▸ INPUT DATA
lemma measurable_pair_count_space_nat:
  fixes g :: "nat \<Rightarrow> 'a \<Rightarrow> 'b::topological_space"
  assumes "\<And>x. g x \<in> borel_measurable M"
  shows "(\<lambda>p. g (snd p) (fst p)) \<in> borel_measurable (M \<Otimes>\<^sub>M count_space UNIV)"
  by (rule measurable_compose_countable[where f="\<lambda>i p. g i (fst p)" and g=snd])
     (auto intro: measurable_compose[OF measurable_fst assms])

lemma sets_pair_count_space_nat:
  assumes "\<And>x::nat. A x \<in> sets M"
  shows "{(t, x). t \<in> A x} \<in> sets (M \<Otimes>\<^sub>M count_space UNIV)"
proof -
  have "{(t, x). t \<in> A x} = (\<Union>x. A x \<times> {x})" by auto
  then show ?thesis using assms by auto
qed

lemma nn_integral_pair_count_space_nat:
  assumes "sigma_finite_measure M" and f: "f \<in> borel_measurable (M \<Otimes>\<^sub>M count_space UNIV)"
  shows "(\<integral>\<^sup>+p. f p \<partial>(M \<Otimes>\<^sub>M count_space UNIV)) = (\<Sum>x::nat. \<integral>\<^sup>+t. f (t, x) \<partial>M)"
proof -
  interpret pair_sigma_finite M "count_space (UNIV :: nat set)"
    using assms(1) by (simp add: pair_sigma_finite_def sigma_finite_measure_count_space_countable)
  show ?thesis by (simp add: nn_integral_snd[OF f, symmetric] nn_integral_count_space_nat)
qed

section \<open>Superlevel sets of densities\<close>

lemma null_set_if_set_nn_integral_eq_0:
  fixes f :: "'a \<Rightarrow> real"
  assumes "A \<in> sets M" "f \<in> borel_measurable M" "AE t in M. t \<in> A \<longrightarrow> 0 < f t"
    and "(\<integral>\<^sup>+t\<in>A. f t \<partial>M) = 0"
  shows "A \<in> null_sets M"
proof -
  have "AE t in M. ennreal (f t) * indicator A t = 0"
    using assms by (subst nn_integral_0_iff_AE[symmetric]) auto
  with assms(3) have "AE t in M. t \<notin> A"
    by eventually_elim (auto simp: indicator_def)
  then show ?thesis using assms(1) by (simp add: AE_iff_null_sets)
qed

lemma superlevel_exchange:
  fixes f :: "'a \<Rightarrow> real"
  assumes f: "f \<in> borel_measurable M" "\<And>t. 0 \<le> f t" and c: "0 \<le> c"
    and A: "A \<in> sets M" and B: "B = {t \<in> space M. c \<le> f t}"
  shows "ennreal c * emeasure M A + (\<integral>\<^sup>+t\<in>B. f t \<partial>M)
       = ennreal c * emeasure M B + (\<integral>\<^sup>+t\<in>A. f t \<partial>M)
         + (\<integral>\<^sup>+t\<in>A - B. (c - f t) \<partial>M) + (\<integral>\<^sup>+t\<in>B - A. (f t - c) \<partial>M)"
proof -
  define \<nu> where "\<nu> = density M f"
  have B_sets: "B \<in> sets M" unfolding B using f by measurable
  have \<nu>: "(\<integral>\<^sup>+t\<in>X. f t \<partial>M) = emeasure \<nu> X" if "X \<in> sets M" for X
    unfolding \<nu>_def using f that by (simp add: emeasure_density)
  have split: "emeasure N X = emeasure N (X \<inter> Y) + emeasure N (X - Y)"
    if "sets N = sets M" "X \<in> sets M" "Y \<in> sets M" for N :: "'a measure" and X Y
    using that by (subst plus_emeasure) (auto intro!: arg_cong[where f="emeasure N"])
  have below: "ennreal c * emeasure M (A - B)
      = emeasure \<nu> (A - B) + (\<integral>\<^sup>+t\<in>A - B. (c - f t) \<partial>M)"
  proof -
    have "ennreal c * emeasure M (A - B) = (\<integral>\<^sup>+t\<in>A - B. c \<partial>M)"
      using A B_sets by (simp add: nn_integral_cmult_indicator)
    also have "\<dots> = (\<integral>\<^sup>+t. ennreal (f t) * indicator (A - B) t
        + ennreal (c - f t) * indicator (A - B) t \<partial>M)"
      using A f(2) by (intro nn_integral_cong) (auto simp: B indicator_def simp flip: ennreal_plus)
    also have "\<dots> = emeasure \<nu> (A - B) + (\<integral>\<^sup>+t\<in>A - B. (c - f t) \<partial>M)"
      using A B_sets f by (subst nn_integral_add) (auto simp: \<nu>[symmetric])
    finally show ?thesis .
  qed
  have above: "emeasure \<nu> (B - A)
      = ennreal c * emeasure M (B - A) + (\<integral>\<^sup>+t\<in>B - A. (f t - c) \<partial>M)"
  proof -
    have "emeasure \<nu> (B - A) = (\<integral>\<^sup>+t. ennreal c * indicator (B - A) t
        + ennreal (f t - c) * indicator (B - A) t \<partial>M)"
      using A B_sets c by (subst \<nu>[symmetric]) (auto intro!: nn_integral_cong
          simp: B indicator_def simp flip: ennreal_plus)
    also have "\<dots> = ennreal c * emeasure M (B - A) + (\<integral>\<^sup>+t\<in>B - A. (f t - c) \<partial>M)"
      using A B_sets f by (subst nn_integral_add) (auto simp: nn_integral_cmult_indicator)
    finally show ?thesis .
  qed
  have "sets \<nu> = sets M" by (simp add: \<nu>_def)
  then show ?thesis
    using A B_sets below above
      split[of M A B] split[of M B A] split[of \<nu> A B] split[of \<nu> B A]
    by (simp add: \<nu> Int_commute distrib_left ac_simps)
qed

lemma superlevel_emeasure_le:
  fixes f :: "'a \<Rightarrow> real"
  assumes "f \<in> borel_measurable M" and B: "B = {t \<in> space M. c \<le> f t}"
  shows "ennreal c * emeasure M B \<le> (\<integral>\<^sup>+t\<in>B. f t \<partial>M)"
proof -
  have "B \<in> sets M" unfolding B using assms(1) by measurable
  then have "ennreal c * emeasure M B = (\<integral>\<^sup>+t\<in>B. c \<partial>M)"
    by (simp add: nn_integral_cmult_indicator)
  also have "\<dots> \<le> (\<integral>\<^sup>+t\<in>B. f t \<partial>M)"
    by (intro nn_integral_mono) (auto simp: B indicator_def intro: ennreal_leI)
  finally show ?thesis .
qed

lemma superlevel_exchange_tight_imp_null:
  fixes f :: "'a \<Rightarrow> real"
  assumes f: "f \<in> borel_measurable M" and A: "A \<in> sets M" and B: "B = {t \<in> space M. c \<le> f t}"
    and level: "{t \<in> space M. f t = c} \<in> null_sets M"
    and "(\<integral>\<^sup>+t\<in>A - B. (c - f t) \<partial>M) = 0" "(\<integral>\<^sup>+t\<in>B - A. (f t - c) \<partial>M) = 0"
  shows "(A - B) \<union> (B - A) \<in> null_sets M"
proof -
  have B_sets: "B \<in> sets M" unfolding B using f by measurable
  have "A - B \<in> null_sets M"
    by (rule null_set_if_set_nn_integral_eq_0) (use assms B_sets in \<open>auto simp: B\<close>)
  moreover have "AE t in M. t \<in> B - A \<longrightarrow> 0 < f t - c"
    using AE_not_in[OF level] by eventually_elim (auto simp: B)
  then have "B - A \<in> null_sets M"
    by (rule null_set_if_set_nn_integral_eq_0[rotated 2]) (use assms B_sets in auto)
  ultimately show ?thesis by (rule null_sets.Un)
qed
lemma nonseparable_Un:
  assumes ns: "nonseparable E B1" "nonseparable E B2"
    and u: "u \<in> B1 \<inter> B2" "u' \<in> B1 \<inter> B2" "u \<noteq> u'"
  shows "nonseparable E (B1 \<union> B2)"
proof -
  let ?F = "induced_edges E (B1 \<union> B2)"
  have sub: "induced_edges E B1 \<subseteq> ?F" "induced_edges E B2 \<subseteq> ?F"
    by (simp_all add: induced_edges_mono)
  have hub: "reach ?F z u" if "z \<in> B1 \<union> B2" for z
    using that u nonseparable_reach[OF ns(1) sub(1)] nonseparable_reach[OF ns(2) sub(2)] by blast
  have "connected_graph (B1 \<union> B2) ?F"
    using u(1) hub by (blast intro: connected_graph_hub)
  moreover have "no_cut_vertex (B1 \<union> B2) ?F"
    unfolding no_cut_vertex_def
  proof (intro ballI impI)
    fix v x y assume xy: "x \<in> B1 \<union> B2 - {v}" "y \<in> B1 \<union> B2 - {v}"
    obtain w where w: "w \<in> B1 \<inter> B2" "w \<noteq> v" using u by blast
    have "reach {e\<in>?F. v \<notin> e} z w" if "z \<in> B1 \<union> B2 - {v}" for z
      using that w nonseparable_reach_avoiding[OF ns(1) sub(1)]
        nonseparable_reach_avoiding[OF ns(2) sub(2)] by blast
    then show "reach {e\<in>?F. v \<notin> e} x y" using xy by (rule reach_via_hub)
  qed
  ultimately show ?thesis by (simp add: nonseparable_def)
qed
(* Let $X$ be a $d$-uniform simplicial complex and $k\le d$. Assume there exist functions $up(t,\nu)$ and $low(t,\nu)$ such that for every $\nu>0$ every $\nu$-Lipschitz $f:X(d)\to\mathbb{R}$ satisfies $\Pr[f-\mathbb{E}[f]>t]\le up(t,\nu)$ and $\Pr[f-\mathbb{E}[f]<-t]\le low(t,\nu)$ for all $t>0$. Then every function $f':X(k)\to\mathbb{R}$ with $\nu$-bounded difference satisfies, for all $t>0$, \[\Pr[f'-\mathbb{E}[f']>t]\le up\left(\tfrac t2,\tfrac kd\nu\right)+e^{-\frac{t^2}{4\nu}},\qquad\Pr[f'-\mathbb{E}[f']<-t]\le low\left(\tfrac t2,\tfrac kd\nu\right)+e^{-\frac{t^2}{4\nu}}.\]
   Context: $X$ is a $d$-uniform simplicial complex ($X(j)$ its faces of size $j$) with a distribution $\pi_d$ on $X(d)$ inducing $\pi_j$ on $X(j)$ by uniform subsampling; probabilities on $X(j)$ are with respect to $\pi_j$. Lipschitz: order vertices of each face arbitrarily; for $x=(x_1,\dots,x_m)\sim\pi_m$ let $Z=f(x)$ and $Z'_{(i)}=f(x_1,\dots,z_i,\dots,x_m)$ with $z_i$ drawn from the vertex distribution of the link of $x\setminus\{x_i\}$ (the link of $s$ being $\{t\setminus s:s\subseteq t\in X\}$ with induced distribution); $f:X(m)\to\mathbb{R}$ is $\nu$-Lipschitz if with probability $1$, $\sum_{i=1}^m(Z-Z'_{(i)})_+^2\le\nu$ where $(z)_+=\max\{z,0\}$. The down-up walk on $X(m)$ moves from $s$ by deleting a uniform vertex and adding back a face containing the remainder proportionally to $\pi_m$; $f:X(m)\to\mathbb{R}$ has $\nu$-bounded difference if $(f(s)-f(s'))^2\le\frac{\nu}{m}$ for every $s\in X(m)$ and every neighbor $s'$ of $s$ in this walk. *)

theory Defs
  imports "HOL-Probability.Probability"
begin

text \<open>A d-uniform simplicial complex is given by a distribution pd on its top faces
  (sets of vertices); the complex is the downward closure of the support of pd.
  X(j) is the support of the induced distribution pi_j below.\<close>

definition d_uniform :: "'v set pmf \<Rightarrow> nat \<Rightarrow> bool" where
  "d_uniform pd d \<longleftrightarrow> (\<forall>t \<in> set_pmf pd. finite t \<and> card t = d)"

definition face_pmf :: "'v set pmf \<Rightarrow> nat \<Rightarrow> 'v set pmf" where
  "face_pmf pd j = bind_pmf pd (\<lambda>t. pmf_of_set {u. u \<subseteq> t \<and> card u = j})"
text \<open>If P irreducible and P^K annihilates s, then every annihilator Q of s has degree at
  least that of some annihilating power P^j: the P-free part of Q is useless.\<close>
lemma irreducible_power_annihilator_bound:
  assumes "irreducible P"
  shows "Q \<noteq> 0 \<Longrightarrow> satisfies_rec Q s \<Longrightarrow> satisfies_rec (P ^ K) s \<Longrightarrow>
    \<exists>j. satisfies_rec (P ^ j) s \<and> j * degree P \<le> degree Q"
proof (induction K arbitrary: Q s)
  case 0
  then show ?case by (intro exI[of _ 0]) auto
next
  case (Suc K)
  show ?case
  proof (cases "P dvd Q")
    case True
    then obtain Q' where Q: "Q = P * Q'" by (auto simp: dvd_def)
    have Q0: "Q' \<noteq> 0" "P \<noteq> 0" using Suc.prems Q by auto
    have "satisfies_rec Q' (poly_shift P s)" using Suc.prems(2) unfolding Q satisfies_rec_iff_shift
      by (simp add: poly_shift_mult mult.commute[of P])
    moreover have "satisfies_rec (P ^ K) (poly_shift P s)"
      using Suc.prems(3) unfolding satisfies_rec_iff_shift power_Suc2 poly_shift_mult .
    ultimately obtain j where j: "satisfies_rec (P ^ j) (poly_shift P s)" "j * degree P \<le> degree Q'"
      using Suc.IH[OF Q0(1)] by blast
    have "satisfies_rec (P ^ Suc j) s" using j(1) unfolding satisfies_rec_iff_shift
      by (simp add: poly_shift_mult mult.commute[of P])
    moreover have "degree Q = degree P + degree Q'" using Q Q0 by (simp add: degree_mult_eq)
    ultimately show ?thesis using j(2) by (intro exI[of _ "Suc j"]) simp
  next
    case False
    then have "coprime P Q"
      using assms by (simp add: prime_elem_imp_coprime prime_elem_iff_irreducible)
    then have "satisfies_rec (P ^ K) s"
      using satisfies_rec_coprime_cancel[of P Q "P ^ K" s] Suc.prems by simp
    then show ?thesis using Suc.IH[OF Suc.prems(1,2)] by blast
  qed
qed

lemma char_poly_seq_power:
  assumes "irreducible P" "lead_coeff P = 1" "satisfies_rec (P ^ K) s"
  shows "\<exists>N. char_poly_seq s (P ^ N)"
proof -
  define N where "N = (LEAST N. satisfies_rec (P ^ N) s)"
  have sN: "satisfies_rec (P ^ N) s" unfolding N_def by (rule LeastI[of _ K]) (rule assms(3))
  have "P \<noteq> 0" using assms(1) unfolding irreducible_def by blast
  have "degree (P ^ N) \<le> degree Q" if Q: "Q \<noteq> 0" "satisfies_rec Q s" for Q
  proof -
    obtain j where j: "satisfies_rec (P ^ j) s" "j * degree P \<le> degree Q"
      using irreducible_power_annihilator_bound[OF assms(1) Q assms(3)] by blast
    have "N \<le> j" unfolding N_def by (rule Least_le) (rule j(1))
    then have "N * degree P \<le> j * degree P" by simp
    moreover have "degree (P ^ N) = N * degree P" by (rule degree_power_eq) (rule \<open>P \<noteq> 0\<close>)
    ultimately show ?thesis using j(2) by linarith
  qed
  moreover have "lead_coeff (P ^ N) = 1" by (simp only: lead_coeff_power assms(2) power_one)
  ultimately show ?thesis using sN unfolding char_poly_seq_def by blast
qed

lemma satisfies_rec_step:
  assumes "satisfies_rec C x" "lead_coeff C = 1" "degree C = L"
  shows "x (n + L) = (\<Sum>i<L. coeff C i * x (n + i))"
proof -
  have "(\<Sum>i<Suc L. coeff C i * x (n + i)) = 0"
    using assms(1,3) unfolding satisfies_rec_def lessThan_Suc_atMost by blast
  then have "(\<Sum>i<L. coeff C i * x (n + i)) + x (n + L) = 0"
    using assms(2,3) by simp
  moreover have "- (y::bit) = y" for y by simp
  ultimately show ?thesis by (metis add_eq_0_iff2)
qed

lemma satisfies_rec_determined:
  assumes "satisfies_rec C x" "satisfies_rec C y" "lead_coeff C = 1" "degree C = L"
    "\<forall>k<L. x (i + k) = y (j + k)"
  shows "x (i + m) = y (j + m)"
proof (induction m rule: less_induct)
  case (less m)
  show ?case
  proof (cases "m < L")
    case True then show ?thesis using assms(5) by blast
  next
    case False
    define q where "q = m - L"
    have m: "m = q + L" using False q_def by simp
    have "x (i + m) = x ((i + q) + L)" by (simp add: m add.assoc)
    also have "\<dots> = (\<Sum>k<L. coeff C k * x (i + q + k))" by (rule satisfies_rec_step[OF assms(1,3,4)])
    also have "\<dots> = (\<Sum>k<L. coeff C k * y (j + q + k))"
    proof (rule sum.cong[OF refl])
      fix k assume "k \<in> {..<L}"
      then have "x (i + (q + k)) = y (j + (q + k))" using m by (intro less.IH) simp
      then show "coeff C k * x (i + q + k) = coeff C k * y (j + q + k)" by (simp add: add.assoc)
    qed
    also have "\<dots> = y ((j + q) + L)" by (rule satisfies_rec_step[OF assms(2,3,4), symmetric])
    also have "\<dots> = y (j + m)" by (simp add: m add.assoc)
    finally show ?thesis .
  qed
qed
(* Let $p$ be an odd prime and $M$ the sub-add move matrix, with $t$, $k$, $i$ as in the context. (a) If $t$ is even, then $\Gamma_{M,\,p}$ has no secondary cycles. (b) If $t\equiv1\pmod 4$ and $(1+i)^t=i$, then all secondary cycles have length $t$. (c) If $t\equiv3\pmod4$ and $(1+i)^t=i$, then all secondary cycles have length $2t$. (d) If $t\equiv1\pmod4$ and $(1+i)^t=-i$, then all secondary cycles have length $2t$. (e) If $t\equiv3\pmod4$ and $(1+i)^t=-i$, then all secondary cycles have length $t$.
   Context: The sub-add move matrix is $M=\begin{pmatrix}1&-1\\1&1\end{pmatrix}$. $\Gamma_{M,\,p}$ is the directed graph with vertex set $\mathbb Z_p^2$ and arcs $((a,b),(a-b,a+b))$ (mod $p$; loops allowed). A directed cycle is a cycle in the underlying undirected graph such that in the induced directed subgraph every vertex has in- and out-degree $1$; a loop is a directed $1$-cycle. Let $t$ be the multiplicative order of $-4$ in $GF(p)$ and $k=4t$ (the $\mathbb Z_p$-order of $M$). Let $i\in GF(p^2)$ with $i^2=-1$, chosen so that ${\rm ord}(1-i)\le{\rm ord}(1+i)$ (multiplicative orders). A primary cycle is a directed cycle of length $k$; a secondary cycle is a directed cycle that is neither primary nor a $1$-cycle. *)

theory Defs
  imports "HOL-Number_Theory.Number_Theory"
begin

(* The sub-add move on Z_p^2, vertices represented by pairs of integers in {0..<p} *)
definition subadd :: "nat \<Rightarrow> int \<times> int \<Rightarrow> int \<times> int" where
  "subadd p v = ((fst v - snd v) mod int p, (fst v + snd v) mod int p)"

definition verts :: "nat \<Rightarrow> (int \<times> int) set" where
  "verts p = {0..<int p} \<times> {0..<int p}"

definition arc :: "nat \<Rightarrow> int \<times> int \<Rightarrow> int \<times> int \<Rightarrow> bool" where
  "arc p u v \<longleftrightarrow> u \<in> verts p \<and> v = subadd p u"

definition dcycle :: "nat \<Rightarrow> (int \<times> int) list \<Rightarrow> bool" where
  "dcycle p cs \<longleftrightarrow> cs \<noteq> [] \<and> distinct cs \<and> set cs \<subseteq> verts p \<and>
     (\<forall>j < length cs. arc p (cs ! j) (cs ! ((j + 1) mod length cs)))"
(* Let $\mathcal{H}$ be a Hilbert space with inner product $[\cdot,\cdot]$, let $K(\mathcal{H})$ be the $C^*$-algebra of compact operators on $\mathcal{H}$, and let $\mathcal{E}$ be a Hilbert $K(\mathcal{H})$-module. Let $x, y \in \mathcal{E}$. Then the following are equivalent: (i) $x \parallel y$; (ii) there exists a unit vector $\xi \in \mathcal{H}$ such that $$\big|[\langle x, x\rangle \langle x, y\rangle \xi, \xi]\big| = \|x\|^3\|y\|.$$
   Context: A (left) Hilbert $K(\mathcal{H})$-module is a left $K(\mathcal{H})$-module $\mathcal{E}$ with a $K(\mathcal{H})$-valued inner product $\langle\cdot,\cdot\rangle$, linear in the first variable and conjugate linear in the second, satisfying $\langle x,x\rangle\ge 0$ with equality iff $x=0$, $\langle ax,y\rangle = a\langle x,y\rangle$ and $\langle x,y\rangle^*=\langle y,x\rangle$, and complete for the norm $\|x\|=\|\langle x,x\rangle\|^{1/2}$. For elements $x,y$ of a normed space, $x$ is norm-parallel to $y$, written $x\parallel y$, if $\|x+\lambda y\| = \|x\|+\|y\|$ for some $\lambda\in\mathbb{T}=\{\alpha\in\mathbb{C}: |\alpha|=1\}$. *)

theory Defs
  imports Complex_Main
begin

definition pre_hilbert_space ::
  "(complex \<Rightarrow> 'h::ab_group_add \<Rightarrow> 'h) \<Rightarrow> ('h \<Rightarrow> 'h \<Rightarrow> complex) \<Rightarrow> bool" where
  "pre_hilbert_space sc ip \<longleftrightarrow>
     vector_space sc \<and>
     (\<forall>u v w. ip (u + v) w = ip u w + ip v w) \<and>
     (\<forall>c u v. ip (sc c u) v = c * ip u v) \<and>
     (\<forall>u v. ip v u = cnj (ip u v)) \<and>
     (\<forall>u. Im (ip u u) = 0 \<and> 0 \<le> Re (ip u u)) \<and>
     (\<forall>u. ip u u = 0 \<longleftrightarrow> u = 0)"

definition ipnorm :: "('h \<Rightarrow> 'h \<Rightarrow> complex) \<Rightarrow> 'h \<Rightarrow> real" where
  "ipnorm ip u = sqrt (Re (ip u u))"

definition cauchy_wrt :: "('a::ab_group_add \<Rightarrow> real) \<Rightarrow> (nat \<Rightarrow> 'a) \<Rightarrow> bool" where
  "cauchy_wrt nrm X \<longleftrightarrow> (\<forall>e>0. \<exists>N. \<forall>m\<ge>N. \<forall>k\<ge>N. nrm (X m - X k) < e)"

definition converges_wrt :: "('a::ab_group_add \<Rightarrow> real) \<Rightarrow> (nat \<Rightarrow> 'a) \<Rightarrow> 'a \<Rightarrow> bool" where
  "converges_wrt nrm X l \<longleftrightarrow> (\<forall>e>0. \<exists>N. \<forall>k\<ge>N. nrm (X k - l) < e)"

definition complete_wrt :: "('a::ab_group_add \<Rightarrow> real) \<Rightarrow> bool" where
  "complete_wrt nrm \<longleftrightarrow> (\<forall>X. cauchy_wrt nrm X \<longrightarrow> (\<exists>l. converges_wrt nrm X l))"

definition hilbert_space ::
  "(complex \<Rightarrow> 'h::ab_group_add \<Rightarrow> 'h) \<Rightarrow> ('h \<Rightarrow> 'h \<Rightarrow> complex) \<Rightarrow> bool" where
  "hilbert_space sc ip \<longleftrightarrow> pre_hilbert_space sc ip \<and> complete_wrt (ipnorm ip)"

definition bounded_op ::
  "(complex \<Rightarrow> 'h::ab_group_add \<Rightarrow> 'h) \<Rightarrow> ('h \<Rightarrow> 'h \<Rightarrow> complex) \<Rightarrow> ('h \<Rightarrow> 'h) \<Rightarrow> bool" where
  "bounded_op sc ip T \<longleftrightarrow>
     (\<forall>u v. T (u + v) = T u + T v) \<and> (\<forall>c u. T (sc c u) = sc c (T u)) \<and>
     (\<exists>K. \<forall>u. ipnorm ip (T u) \<le> K * ipnorm ip u)"

definition opnorm :: "('h \<Rightarrow> 'h \<Rightarrow> complex) \<Rightarrow> ('h \<Rightarrow> 'h) \<Rightarrow> real" where
  "opnorm ip T = Sup {ipnorm ip (T u) | u. ipnorm ip u \<le> 1}"

definition compact_op ::
  "(complex \<Rightarrow> 'h::ab_group_add \<Rightarrow> 'h) \<Rightarrow> ('h \<Rightarrow> 'h \<Rightarrow> complex) \<Rightarrow> ('h \<Rightarrow> 'h) \<Rightarrow> bool" where
  "compact_op sc ip T \<longleftrightarrow> bounded_op sc ip T \<and>
     (\<forall>X. (\<exists>B. \<forall>n. ipnorm ip (X n) \<le> B) \<longrightarrow>
          (\<exists>(r::nat \<Rightarrow> nat) l. strict_mono r \<and> converges_wrt (ipnorm ip) (\<lambda>n. T (X (r n))) l))"

definition positive_op :: "('h \<Rightarrow> 'h \<Rightarrow> complex) \<Rightarrow> ('h \<Rightarrow> 'h) \<Rightarrow> bool" where
  "positive_op ip T \<longleftrightarrow> (\<forall>u. Im (ip (T u) u) = 0 \<and> 0 \<le> Re (ip (T u) u))"

definition is_adjoint :: "('h \<Rightarrow> 'h \<Rightarrow> complex) \<Rightarrow> ('h \<Rightarrow> 'h) \<Rightarrow> ('h \<Rightarrow> 'h) \<Rightarrow> bool" where
  "is_adjoint ip T S \<longleftrightarrow> (\<forall>u v. ip (T u) v = ip u (S v))"

definition module_norm :: "('h \<Rightarrow> 'h \<Rightarrow> complex) \<Rightarrow> ('e \<Rightarrow> 'e \<Rightarrow> ('h \<Rightarrow> 'h)) \<Rightarrow> 'e \<Rightarrow> real" where
  "module_norm ip ipE x = sqrt (opnorm ip (ipE x x))"

definition hilbert_KH_module ::
  "(complex \<Rightarrow> 'h::ab_group_add \<Rightarrow> 'h) \<Rightarrow> ('h \<Rightarrow> 'h \<Rightarrow> complex) \<Rightarrow>
   (complex \<Rightarrow> 'e::ab_group_add \<Rightarrow> 'e) \<Rightarrow> (('h \<Rightarrow> 'h) \<Rightarrow> 'e \<Rightarrow> 'e) \<Rightarrow>
   ('e \<Rightarrow> 'e \<Rightarrow> ('h \<Rightarrow> 'h)) \<Rightarrow> bool" where
  "hilbert_KH_module sc ip scE act ipE \<longleftrightarrow>
     vector_space scE \<and>
     \<comment> \<open>left K(H)-module structure, compatible with complex scalars\<close>
     (\<forall>a b x. compact_op sc ip a \<longrightarrow> compact_op sc ip b \<longrightarrow> act (a \<circ> b) x = act a (act b x)) \<and>
     (\<forall>a b x. compact_op sc ip a \<longrightarrow> compact_op sc ip b \<longrightarrow>
        act (\<lambda>u. a u + b u) x = act a x + act b x) \<and>
     (\<forall>a x y. compact_op sc ip a \<longrightarrow> act a (x + y) = act a x + act a y) \<and>
     (\<forall>a c x. compact_op sc ip a \<longrightarrow>
        scE c (act a x) = act (\<lambda>u. sc c (a u)) x \<and> scE c (act a x) = act a (scE c x)) \<and>
     \<comment> \<open>K(H)-valued inner product\<close>
     (\<forall>x y. compact_op sc ip (ipE x y)) \<and>
     (\<forall>x y z. ipE (x + y) z = (\<lambda>u. ipE x z u + ipE y z u)) \<and>
     (\<forall>c x y. ipE (scE c x) y = (\<lambda>u. sc c (ipE x y u))) \<and>
     (\<forall>a x y. compact_op sc ip a \<longrightarrow> ipE (act a x) y = a \<circ> ipE x y) \<and>
     (\<forall>x y. is_adjoint ip (ipE x y) (ipE y x)) \<and>
     (\<forall>x. positive_op ip (ipE x x)) \<and>
     (\<forall>x. ipE x x = (\<lambda>u. 0) \<longleftrightarrow> x = 0) \<and>
     complete_wrt (module_norm ip ipE)"

definition norm_parallel :: "(complex \<Rightarrow> 'e::ab_group_add \<Rightarrow> 'e) \<Rightarrow> ('e \<Rightarrow> real) \<Rightarrow> 'e \<Rightarrow> 'e \<Rightarrow> bool" where
  "norm_parallel sc nrm x y \<longleftrightarrow> (\<exists>t. cmod t = 1 \<and> nrm (x + sc t y) = nrm x + nrm y)"

end

theory Submission
  imports Defs
begin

▸ HOW TO COMPLETE THIS TASK
In the entries above, how many lines contain the string "flip"? Say only the number.

▸ EXERCISE RESULT
2